[Start of section]
lemma
  assumes "0 < mu" and X: "distributed M lborel X (\<lambda>z. ennreal (cn_density mu z))"
  shows cn_distributed_integrable_ln_cmod_square: "integrable M (\<lambda>w. ln ((cmod (X w))\<^sup>2))"
    and cn_distributed_AE_nonzero: "AE w in M. X w \<noteq> 0"
proof -
  have density_nonneg: "0 \<le> cn_density mu z" for z
    using assms by (simp add: cn_density_def)
  show "integrable M (\<lambda>w. ln ((cmod (X w))\<^sup>2))"
    using distributed_integrable[OF X, of "\<lambda>z. ln ((cmod z)\<^sup>2)"] density_nonneg
      integrable_cn_density_mult_ln_cmod_square[OF assms(1)]
    by simp
  have "AE z in density lborel (\<lambda>z. ennreal (cn_density mu z)). z \<noteq> 0"
    using AE_lborel_singleton[of 0] by (subst AE_density) (auto simp: cn_density_def)
  then show "AE w in M. X w \<noteq> 0"
    unfolding distributed_distr_eq_density[OF X, symmetric]
    by (rule AE_distrD[OF distributed_measurable[OF X]])
qed

section \<open>High-power limits for independent fading gains\<close>

lemma tendsto_SUP_squeeze:
  fixes f :: "'p \<Rightarrow> real"
  assumes witness: "\<forall>\<^sub>F P in F. q P \<in> S P"
    and upper: "\<And>P p. p \<in> S P \<Longrightarrow> f p \<le> L"
    and lim: "((\<lambda>P. f (q P)) \<longlongrightarrow> L) F"
  shows "((\<lambda>P. SUP p \<in> S P. f p) \<longlongrightarrow> L) F"
proof (rule tendsto_sandwich[OF _ _ lim tendsto_const])
  show "\<forall>\<^sub>F P in F. f (q P) \<le> (SUP p \<in> S P. f p)"
    using witness by eventually_elim (auto intro!: cSUP_upper bdd_aboveI2 upper)
  show "\<forall>\<^sub>F P in F. (SUP p \<in> S P. f p) \<le> L"
    using witness by eventually_elim (auto intro!: cSUP_least upper)
qed

lemma (in prob_space) indep_var_integral_bounded_mult:
  fixes X Y :: "'a \<Rightarrow> real"
  assumes indep: "indep_var borel Y borel X" and X: "integrable M X"
    and \<phi>: "\<phi> \<in> borel_measurable borel" and bound: "\<And>y. \<bar>\<phi> y\<bar> \<le> B"
  shows "integrable M (\<lambda>w. \<phi> (Y w) * X w)"
    and "(\<integral>w. \<phi> (Y w) * X w \<partial>M) = expectation (\<lambda>w. \<phi> (Y w)) * expectation X"
proof -
  have indep': "indep_var borel (\<lambda>w. \<phi> (Y w)) borel X"
    using indep_var_compose[OF indep, of \<phi> borel "\<lambda>x. x" borel] \<phi> by (simp add: comp_def)
  have "integrable M (\<lambda>w. \<phi> (Y w))"
    using indep_var_rv1[OF indep] \<phi> bound by (intro integrable_const_bound[where B=B]) auto
  then show "integrable M (\<lambda>w. \<phi> (Y w) * X w)"
    and "(\<integral>w. \<phi> (Y w) * X w \<partial>M) = expectation (\<lambda>w. \<phi> (Y w)) * expectation X"
    using indep_var_integrable[OF indep' _ X] indep_var_lebesgue_integral[OF indep' _ X] by auto
qed

(* For a null set A both sides vanish, the left one because cond_exp_event divides by 0. *)
lemma (in finite_measure) measure_mult_cond_exp_event:
  assumes "A \<in> sets M"
  shows "measure M A * cond_exp_event M X A = (\<integral>w. indicator A w * X w \<partial>M)"
proof (cases "measure M A = 0")
  case True
  then have "AE w in M. w \<notin> A"
    using assms by (intro AE_I'[of A]) (auto simp: null_sets_def emeasure_eq_measure)
  then have "(\<integral>w. indicator A w * X w \<partial>M) = 0"
    by (intro integral_eq_zero_AE) (auto elim!: eventually_mono)
  with True show ?thesis by simp
qed (simp add: cond_exp_event_def)

(* G and E stand for the gains |H_max|^2 and |H_e|^2. *)
locale fading_gains = prob_space M for M :: "'a measure" +
  fixes G E :: "'a \<Rightarrow> real"
  assumes measurable_G[measurable]: "G \<in> borel_measurable M"
    and measurable_E[measurable]: "E \<in> borel_measurable M"
    and AE_gains_pos: "AE w in M. 0 < G w \<and> 0 < E w"
    and integrable_ln_G: "integrable M (\<lambda>w. ln (G w))"
    and integrable_ln_E: "integrable M (\<lambda>w. ln (E w))"
    and indep_gains: "indep_var borel G borel E"
begin

definition power_allocations :: "real \<Rightarrow> (real \<Rightarrow> real) set" where
  "power_allocations P = {p. p \<in> borel_measurable borel \<and> (\<forall>g. 0 \<le> p g) \<and>
     integrable M (\<lambda>w. p (G w)) \<and> (\<integral>w. p (G w) \<partial>M) \<le> P}"

definition mean_ln_E :: real where
  "mean_ln_E = expectation (\<lambda>w. ln (E w))"

lemma power_allocations_nonneg: "p \<in> power_allocations P \<Longrightarrow> 0 \<le> p g"
  by (simp add: power_allocations_def)

lemma bounded_in_power_allocations:
  assumes "p \<in> borel_measurable borel" "\<And>g. 0 \<le> p g" "\<And>g. p g \<le> P"
  shows "p \<in> power_allocations P"
proof -
  have "integrable M (\<lambda>w. p (G w))"
    using assms by (intro integrable_const_bound[where B=P]) auto
  moreover have "(\<integral>w. p (G w) \<partial>M) \<le> (\<integral>w. P \<partial>M)"
    using assms calculation by (intro integral_mono) auto
  ultimately show ?thesis
    using assms by (simp add: power_allocations_def prob_space)
qed

lemma AE_ln_div_eq: "AE w in M. ln (G w / E w) = ln (G w) - ln (E w)"
  using AE_gains_pos by eventually_elim (simp add: ln_div)

lemma integrable_ln_diff: "integrable M (\<lambda>w. ln (G w) - ln (E w))"
  using integrable_ln_G integrable_ln_E by (rule Bochner_Integration.integrable_diff)

lemma integrable_positive_part_ln_div: "integrable M (\<lambda>w. max 0 (ln (G w / E w)))"
  using integrable_ln_diff
  by (rule Bochner_Integration.integrable_bound) (use AE_ln_div_eq in \<open>auto elim!: eventually_mono\<close>)

lemma positive_part_rate_le:
  assumes "p \<in> power_allocations P"
  shows "(\<integral>w. max 0 (ln (1 + G w * p (G w)) - ln (1 + E w * p (G w))) \<partial>M)
    \<le> (\<integral>w. max 0 (ln (G w / E w)) \<partial>M)"
  using integrable_positive_part_ln_div
proof (rule integral_mono_AE')
  show "AE w in M. max 0 (ln (1 + G w * p (G w)) - ln (1 + E w * p (G w)))
      \<le> max 0 (ln (G w / E w))"
    using AE_gains_pos AE_ln_div_eq
    by eventually_elim
      (use ln_one_plus_mult_diff_le_max power_allocations_nonneg[OF assms] in fastforce)
qed auto

lemma tendsto_constant_power_positive_part_rate:
  "((\<lambda>P. \<integral>w. max 0 (ln (1 + G w * P) - ln (1 + E w * P)) \<partial>M)
    \<longlongrightarrow> (\<integral>w. max 0 (ln (G w / E w)) \<partial>M)) at_top"
proof (rule integral_dominated_convergence_at_top[where w="\<lambda>w. \<bar>ln (G w) - ln (E w)\<bar>"])
  show "AE w in M. ((\<lambda>P. max 0 (ln (1 + G w * P) - ln (1 + E w * P)))
      \<longlongrightarrow> max 0 (ln (G w / E w))) at_top"
    using AE_gains_pos AE_ln_div_eq
    by eventually_elim (auto intro!: tendsto_max tendsto_ln_one_plus_mult_diff)
  show "\<forall>\<^sub>F P in at_top. AE w in M.
      norm (max 0 (ln (1 + G w * P) - ln (1 + E w * P))) \<le> \<bar>ln (G w) - ln (E w)\<bar>"
    using eventually_ge_at_top[of 0]
  proof eventually_elim
    case (elim P)
    show ?case
      using AE_gains_pos
      by eventually_elim (use abs_ln_one_plus_mult_diff_le elim in fastforce)
  qed
qed (use integrable_ln_diff in auto)

theorem tendsto_SUP_positive_part_rate:
  "((\<lambda>P. SUP p \<in> power_allocations P.
      \<integral>w. max 0 (ln (1 + G w * p (G w)) - ln (1 + E w * p (G w))) \<partial>M)
    \<longlongrightarrow> (\<integral>w. max 0 (ln (G w / E w)) \<partial>M)) at_top"
proof (rule tendsto_SUP_squeeze)
  show "\<forall>\<^sub>F P in at_top. (\<lambda>_. P) \<in> power_allocations P"
    using eventually_ge_at_top[of 0] by eventually_elim (auto intro: bounded_in_power_allocations)
qed (use positive_part_rate_le tendsto_constant_power_positive_part_rate in auto)

lemma integral_bounded_mult_centered_ln_E:
  assumes "\<phi> \<in> borel_measurable borel" "\<And>g. \<bar>\<phi> g\<bar> \<le> B"
  shows "integrable M (\<lambda>w. \<phi> (G w) * (ln (E w) - mean_ln_E))"
    and "(\<integral>w. \<phi> (G w) * (ln (E w) - mean_ln_E) \<partial>M) = 0"
proof -
  have "indep_var borel G borel (\<lambda>w. ln (E w) - mean_ln_E)"
    using indep_var_compose[OF indep_gains, of "\<lambda>x. x" borel "\<lambda>x. ln x - mean_ln_E" borel]
    by (simp add: comp_def)
  moreover have "integrable M (\<lambda>w. ln (E w) - mean_ln_E)"
    "expectation (\<lambda>w. ln (E w) - mean_ln_E) = 0"
    using integrable_ln_E by (auto simp: prob_space mean_ln_E_def)
  ultimately show "integrable M (\<lambda>w. \<phi> (G w) * (ln (E w) - mean_ln_E))"
    "(\<integral>w. \<phi> (G w) * (ln (E w) - mean_ln_E) \<partial>M) = 0"
    using indep_var_integral_bounded_mult[of G "\<lambda>w. ln (E w) - mean_ln_E" \<phi> B] assms by auto
qed

lemma integrable_threshold_centered_ln_G:
  "integrable M (\<lambda>w. indicator {T..} (G w) * (ln (G w) - mean_ln_E))"
proof (rule Bochner_Integration.integrable_bound)
  show "integrable M (\<lambda>w. ln (G w) - mean_ln_E)"
    using integrable_ln_G by simp
  show "AE w in M. norm (indicator {T..} (G w) * (ln (G w) - mean_ln_E))
      \<le> norm (ln (G w) - mean_ln_E)"
    by (intro AE_I2) (simp add: indicator_def)
qed measurable

lemma integrable_positive_part_centered_ln_G:
  "integrable M (\<lambda>w. max 0 (ln (G w) - mean_ln_E))"
proof (rule Bochner_Integration.integrable_bound)
  show "integrable M (\<lambda>w. ln (G w) - mean_ln_E)"
    using integrable_ln_G by simp
qed auto

lemma integral_threshold_ln_div:
  "(\<integral>w. indicator {T..} (G w) * ln (G w / E w) \<partial>M)
    = (\<integral>w. indicator {T..} (G w) * (ln (G w) - mean_ln_E) \<partial>M)"
proof -
  let ?I = "\<lambda>w. indicator {T..} (G w) :: real"
  note centered = integral_bounded_mult_centered_ln_E[of "indicator {T..}" 1]
  have "(\<integral>w. ?I w * ln (G w / E w) \<partial>M)
      = (\<integral>w. ?I w * (ln (G w) - mean_ln_E) - ?I w * (ln (E w) - mean_ln_E) \<partial>M)"
  proof (rule integral_cong_AE)
    show "AE w in M. ?I w * ln (G w / E w)
        = ?I w * (ln (G w) - mean_ln_E) - ?I w * (ln (E w) - mean_ln_E)"
      using AE_ln_div_eq by eventually_elim (simp add: right_diff_distrib)
  qed auto
  also have "\<dots> = (\<integral>w. ?I w * (ln (G w) - mean_ln_E) \<partial>M)"
    using Bochner_Integration.integral_diff[OF integrable_threshold_centered_ln_G centered(1)]
      centered(2)
    by simp
  finally show ?thesis .
qed

lemma integral_threshold_le_positive_part:
  "(\<integral>w. indicator {T..} (G w) * (ln (G w) - mean_ln_E) \<partial>M)
    \<le> (\<integral>w. max 0 (ln (G w) - mean_ln_E) \<partial>M)"
  using integrable_threshold_centered_ln_G integrable_positive_part_centered_ln_G
  by (rule integral_mono) (simp add: indicator_def)

lemma integral_threshold_exp_mean_eq_positive_part:
  "(\<integral>w. indicator {exp mean_ln_E..} (G w) * (ln (G w) - mean_ln_E) \<partial>M)
    = (\<integral>w. max 0 (ln (G w) - mean_ln_E) \<partial>M)"
proof (rule integral_cong_AE)
  show "AE w in M. indicator {exp mean_ln_E..} (G w) * (ln (G w) - mean_ln_E)
      = max 0 (ln (G w) - mean_ln_E)"
    using AE_gains_pos
  proof eventually_elim
    case (elim w)
    then have "exp mean_ln_E \<le> G w \<longleftrightarrow> mean_ln_E \<le> ln (G w)" by (simp add: ln_ge_iff)
    then show ?case by (auto simp: indicator_def)
  qed
qed auto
[End of section]
Every line above from the line with "P) \<le> (SUP" to the line with "locale fading_gains = prob_space", both included, must be reproduced exactly, and no other line may appear.

● Answer for this exercise:
  show "\<forall>\<^sub>F P in F. f (q P) \<le> (SUP p \<in> S P. f p)"
    using witness by eventually_elim (auto intro!: cSUP_upper bdd_aboveI2 upper)
  show "\<forall>\<^sub>F P in F. (SUP p \<in> S P. f p) \<le> L"
    using witness by eventually_elim (auto intro!: cSUP_least upper)
qed

lemma (in prob_space) indep_var_integral_bounded_mult:
  fixes X Y :: "'a \<Rightarrow> real"
  assumes indep: "indep_var borel Y borel X" and X: "integrable M X"
    and \<phi>: "\<phi> \<in> borel_measurable borel" and bound: "\<And>y. \<bar>\<phi> y\<bar> \<le> B"
  shows "integrable M (\<lambda>w. \<phi> (Y w) * X w)"
    and "(\<integral>w. \<phi> (Y w) * X w \<partial>M) = expectation (\<lambda>w. \<phi> (Y w)) * expectation X"
proof -
  have indep': "indep_var borel (\<lambda>w. \<phi> (Y w)) borel X"
    using indep_var_compose[OF indep, of \<phi> borel "\<lambda>x. x" borel] \<phi> by (simp add: comp_def)
  have "integrable M (\<lambda>w. \<phi> (Y w))"
    using indep_var_rv1[OF indep] \<phi> bound by (intro integrable_const_bound[where B=B]) auto
  then show "integrable M (\<lambda>w. \<phi> (Y w) * X w)"
    and "(\<integral>w. \<phi> (Y w) * X w \<partial>M) = expectation (\<lambda>w. \<phi> (Y w)) * expectation X"
    using indep_var_integrable[OF indep' _ X] indep_var_lebesgue_integral[OF indep' _ X] by auto
qed

(* For a null set A both sides vanish, the left one because cond_exp_event divides by 0. *)
lemma (in finite_measure) measure_mult_cond_exp_event:
  assumes "A \<in> sets M"
  shows "measure M A * cond_exp_event M X A = (\<integral>w. indicator A w * X w \<partial>M)"
proof (cases "measure M A = 0")
  case True
  then have "AE w in M. w \<notin> A"
    using assms by (intro AE_I'[of A]) (auto simp: null_sets_def emeasure_eq_measure)
  then have "(\<integral>w. indicator A w * X w \<partial>M) = 0"
    by (intro integral_eq_zero_AE) (auto elim!: eventually_mono)
  with True show ?thesis by simp
qed (simp add: cond_exp_event_def)

(* G and E stand for the gains |H_max|^2 and |H_e|^2. *)
locale fading_gains = prob_space M for M :: "'a measure" +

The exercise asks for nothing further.